Solved – Batch processing in a neural network

machine learningneural networks

I am trying to understand how each batch is processed in a neural network.
I understand that if we have a training set $X=\{x_1,…,x_{|X|}\}$ and we specify a batch size of $n$ than the neural network will process $n$ entries of $X$ at a time: $\{x_1,…,x_n\}$, $\{x_{n+1},…,x_{2n}\}$,…

What I fail to understand is what actually happens at each batch iteration. If I have the vectors $X$ and $Y$ for training, where for each $x_i\in X$ we have a corresponding value for expected prediction $y_i\in Y$ and a batch size of $n$, does this mean that the training iteration will associate the sequence $\{x_1,…,x_n\}$ to $y_n$ only? If so, does this mean that the values $\{y_1,…,y_{n-1}\}$ are dismissed? Or is the training process associating each $x_i$ to each $y_i$ and then average the result to $n$? If the latter is true, then why is it so much slower for smaller values of $n$?

Best Answer

If batch consists of $n$ samples, then you use each $x_i$ to predict each $y_i$, calculate the error to judge how much wrong are you about the prediction, and then aggregate the errors for all the samples (average them).

does this mean that the training iteration will associate the sequence $\{x_1,...,x_n\}$ to $y_n$ only? If so, does this mean that the values $\{y_1,...,y_{n-1}\}$ are dismissed?

No. You cannot use $x_i$ to predict $y_j$ for $i\ne j$. If yo have data on car models and want to predict the brand, then information about cars 1, 2, and 3 does not tell you anything about brand of car 4. You use each $x_i$ to predict $y_i$, then use the information about the error you made to update the weights.

Or is the training process associating each $x_i$ to each $y_i$ and then average the result to $n$?

You average the errors, then use them to update the weights. For each of the samples your model uses same weights, then you predict and use the overall error to update the weights.

If the latter is true, then why is it so much slower for smaller values of $n$?

I cannot comment on particular case, but as about computation time, you can run into two kinds of problems: either the batch is too large, or it is too small.

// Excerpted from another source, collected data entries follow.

lemma commutator_eigenvalue_root_of_unity:
  fixes T X Xi Y Yi :: "'a::conjugatable_ordered_field mat"
  assumes T: "T \<in> carrier_mat n n"
    and X: "X \<in> carrier_mat n n" "Xi \<in> carrier_mat n n" "X * Xi = 1\<^sub>m n" "Xi * X = 1\<^sub>m n"
    and Y: "Y \<in> carrier_mat n n" "Yi \<in> carrier_mat n n" "Y * Yi = 1\<^sub>m n" "Yi * Y = 1\<^sub>m n"
    and commutator: "X * Y * Xi * Yi = T"
    and XT: "X * T = T * X" and YT: "Y * T = T * Y"
    and cp: "char_poly T = (\<Prod>e\<leftarrow>es. [:- e, 1:])" and lam: "lam \<in> set es"
  shows "\<exists>m. 1 \<le> m \<and> m \<le> n \<and> lam ^ m = 1"
proof -
  obtain U P Q m where sim: "similar_mat_wit T U P Q" and ut: "upper_triangular U"
    and m: "1 \<le> m" "m \<le> n"
    and lead: "\<And>i. i < m \<Longrightarrow> U $$ (i,i) = lam"
    and rest: "\<And>i. m \<le> i \<Longrightarrow> i < n \<Longrightarrow> U $$ (i,i) \<noteq> lam"
    using schur_decomposition_eigenvalue_first[OF T cp lam] by blast
  note wit = similar_mat_witD2[OF T sim]
  define conj where "conj Z = Q * Z * P" for Z
  have conj_carrier: "conj Z \<in> carrier_mat n n" if "Z \<in> carrier_mat n n" for Z
    using that wit unfolding conj_def by simp
  have conj_mult: "conj (Z * W) = conj Z * conj W"
    if "Z \<in> carrier_mat n n" "W \<in> carrier_mat n n" for Z W
    unfolding conj_def using similar_mat_wit_conjugate_mult[OF T sim that] .
  have conj_one: "conj (1\<^sub>m n) = 1\<^sub>m n"
    unfolding conj_def using wit by simp
  have conj_T: "conj T = U"
    unfolding conj_def using similar_mat_witD2(3)[OF wit(5) similar_mat_wit_sym[OF sim]] by simp
  have conj_commute: "conj Z * U = U * conj Z" if "Z \<in> carrier_mat n n" "Z * T = T * Z" for Z
    unfolding conj_T[symmetric] by (simp only: conj_mult[symmetric] that T)
  have "lam ^ m = 1"
  proof (rule upper_triangular_commutator_eigenvalue_pow[OF wit(5) ut m(2) lead rest])
    show "conj X * conj Y * conj Xi * conj Yi = U"
      by (simp only: conj_mult[symmetric] mult_carrier_mat[of _ n n _ n] X(1,2) Y(1,2)
          commutator conj_T)
    show "conj X * conj Xi = 1\<^sub>m n" "conj Xi * conj X = 1\<^sub>m n"
      by (simp_all only: conj_mult[symmetric] X conj_one)
    show "conj Y * conj Yi = 1\<^sub>m n" "conj Yi * conj Y = 1\<^sub>m n"
      by (simp_all only: conj_mult[symmetric] Y conj_one)
    show "conj X * U = U * conj X" "conj Y * U = U * conj Y"
      using X Y XT YT conj_commute by auto
  qed (use X Y conj_carrier in auto)
  then show ?thesis
    using m by blast
qed

lemma pow_minus_one_nilpotent_if_eigenvalues_roots_of_unity:
  fixes T :: "'a::conjugatable_ordered_field mat"
  assumes T: "T \<in> carrier_mat n n" and cp: "char_poly T = (\<Prod>e\<leftarrow>es. [:- e, 1:])"
    and roots: "\<And>e. e \<in> set es \<Longrightarrow> e ^ N = 1"
  shows "(T ^\<^sub>m N - 1\<^sub>m n) ^\<^sub>m n = 0\<^sub>m n n"
proof -
  obtain U P Q where "schur_decomposition T es = (U, P, Q)"
    by (metis prod_cases3)
  from schur_decomposition[OF T cp this]
  have sim: "similar_mat_wit T U P Q" and ut: "upper_triangular U" and diag: "diag_mat U = es"
    by auto
  note wit = similar_mat_witD2[OF T sim]
  have strict: "(U ^\<^sub>m N - 1\<^sub>m n) $$ (i,j) = 0" if "i < n" "j \<le> i" for i j
  proof -
    have "U $$ (i,i) \<in> set es"
      using that wit unfolding diag[symmetric] diag_mat_def by auto
    then show ?thesis
      using upper_triangular_pow_index[OF wit(5) ut that, of N] that wit roots by auto
  qed
  have "similar_mat_wit (T ^\<^sub>m N - 1\<^sub>m n) (U ^\<^sub>m N - 1\<^sub>m n) P Q"
    using similar_mat_wit_minus_one[OF _ similar_mat_wit_pow[OF sim]] T by simp
  then have "(T ^\<^sub>m N - 1\<^sub>m n) ^\<^sub>m n = P * (U ^\<^sub>m N - 1\<^sub>m n) ^\<^sub>m n * Q"
    by (rule similar_mat_wit_pow_id)
  also have "(U ^\<^sub>m N - 1\<^sub>m n) ^\<^sub>m n = 0\<^sub>m n n"
    by (rule strictly_upper_triangular_pow_eq_0) (use strict wit in auto)
  finally show ?thesis
    using wit by simp
qed

lemma inv_pair_pow: "inv_pair d X Y \<Longrightarrow> inv_pair d (X ^\<^sub>m k) (Y ^\<^sub>m k)"
  unfolding inv_pair_def using pow_mat_right_inverse by auto

lemma heis_rep_commutator_eq_central_square:
  assumes rep: "heis_rep g d A Ainv B Binv S Sinv" and i: "i < g"
  shows "A i * B i * Ainv i * Binv i = S ^\<^sub>m 2"
    and "A i * S ^\<^sub>m 2 = S ^\<^sub>m 2 * A i"
    and "B i * S ^\<^sub>m 2 = S ^\<^sub>m 2 * B i"
proof -
  from rep i have a: "inv_pair d (A i) (Ainv i)" and b: "inv_pair d (B i) (Binv i)"
    and s: "inv_pair d S Sinv"
    and SA: "comm_mat S Sinv (A i) (Ainv i) = 1\<^sub>m d"
    and SB: "comm_mat S Sinv (B i) (Binv i) = 1\<^sub>m d"
    unfolding heis_rep_def by auto
  from rep have "\<forall>i<g. \<forall>j<g. comm_mat (A i) (Ainv i) (B j) (Binv j) *
      (if i = j then Sinv ^\<^sub>m 2 else 1\<^sub>m d) = 1\<^sub>m d"
    unfolding heis_rep_def by blast
  from this[rule_format, OF i i]
  have AB: "comm_mat (A i) (Ainv i) (B i) (Binv i) * Sinv ^\<^sub>m 2 = 1\<^sub>m d" by simp
  have s2: "inv_pair d (S ^\<^sub>m 2) (Sinv ^\<^sub>m 2)"
    using inv_pair_pow[OF s] .
  show "A i * B i * Ainv i * Binv i = S ^\<^sub>m 2"
    by (rule mat_inverse_unique[of _ d "Sinv ^\<^sub>m 2"])
      (use a b s2 AB in \<open>auto simp: inv_pair_def comm_mat_def\<close>)
  have "S * A i = A i * S"
    using commute_if_commutator_eq_one[of S d Sinv "A i" "Ainv i"] s a SA
    by (auto simp: inv_pair_def comm_mat_def)
  then show "A i * S ^\<^sub>m 2 = S ^\<^sub>m 2 * A i"
    using pow_mat_commute[of "A i" d S 2] a s by (auto simp: inv_pair_def)
  have "S * B i = B i * S"
    using commute_if_commutator_eq_one[of S d Sinv "B i" "Binv i"] s b SB
    by (auto simp: inv_pair_def comm_mat_def)
  then show "B i * S ^\<^sub>m 2 = S ^\<^sub>m 2 * B i"
    using pow_mat_commute[of "B i" d S 2] b s by (auto simp: inv_pair_def)
qed

theorem mainTheorem4:
  fixes g d :: nat and A Ainv B Binv :: "nat \<Rightarrow> complex mat" and S Sinv :: "complex mat"
  assumes "g \<ge> 1"
    and "heis_rep g d A Ainv B Binv S Sinv"
  shows "\<exists>N k :: nat. N \<ge> 1 \<and> k \<ge> 1 \<and> (S ^\<^sub>m (2 * N) - 1\<^sub>m d) ^\<^sub>m k = 0\<^sub>m d d"
proof -
  define T where "T = S ^\<^sub>m 2"
  have g: "0 < g" using assms(1) by simp
  from assms(2) g have a: "inv_pair d (A 0) (Ainv 0)" and b: "inv_pair d (B 0) (Binv 0)"
    and S: "S \<in> carrier_mat d d"
    unfolding heis_rep_def inv_pair_def by auto
  note relations = heis_rep_commutator_eq_central_square[OF assms(2) g, folded T_def]
  have T: "T \<in> carrier_mat d d" using S unfolding T_def by simp
  obtain es where cp: "char_poly T = (\<Prod>e\<leftarrow>es. [:- e, 1:])"
    using char_poly_factorized[OF T] by blast
  have "e ^ fact d = 1" if e: "e \<in> set es" for e
  proof -
    obtain m where "1 \<le> m" "m \<le> d" "e ^ m = 1"
      using commutator_eigenvalue_root_of_unity[OF T _ _ _ _ _ _ _ _ relations cp e]
        a b unfolding inv_pair_def by blast
    moreover from this obtain r where "fact d = m * r"
      using dvd_fact[of m d] by auto
    ultimately show ?thesis
      by (simp add: power_mult)
  qed
  then have "(T ^\<^sub>m fact d - 1\<^sub>m d) ^\<^sub>m d = 0\<^sub>m d d"
    by (rule pow_minus_one_nilpotent_if_eigenvalues_roots_of_unity[OF T cp])
  moreover have "S ^\<^sub>m (2 * fact d) = T ^\<^sub>m fact d"
    unfolding T_def by (rule pow_mat_mult[OF S])
  ultimately have "(S ^\<^sub>m (2 * fact d) - 1\<^sub>m d) ^\<^sub>m Suc d = 0\<^sub>m d d"
    using T by simp
  then show ?thesis
    by (intro exI[of _ "fact d"] exI[of _ "Suc d"]) simp
qed

end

If it is too big, it may be the case that you won't be able to train the model since it wouldn't fit your computer's (and graphical card's) memory. It can happen that the data and weights will fit the memory, but not much will be left for computations and it will slow everything down. On another hand, if your sample is too small, then you are wasting resources. With high-quality libraries for statistical computations like TensorFlow etc., they are designed to efficiently carry mathematical operations (especially on GPUs), so doing things like matrix multiplication is easy for them. This means that repeating the same operation multiple times (for-loop over samples) can be slower then calculating everything all-at-once. That is why choosing optimal batch size may save you computation time.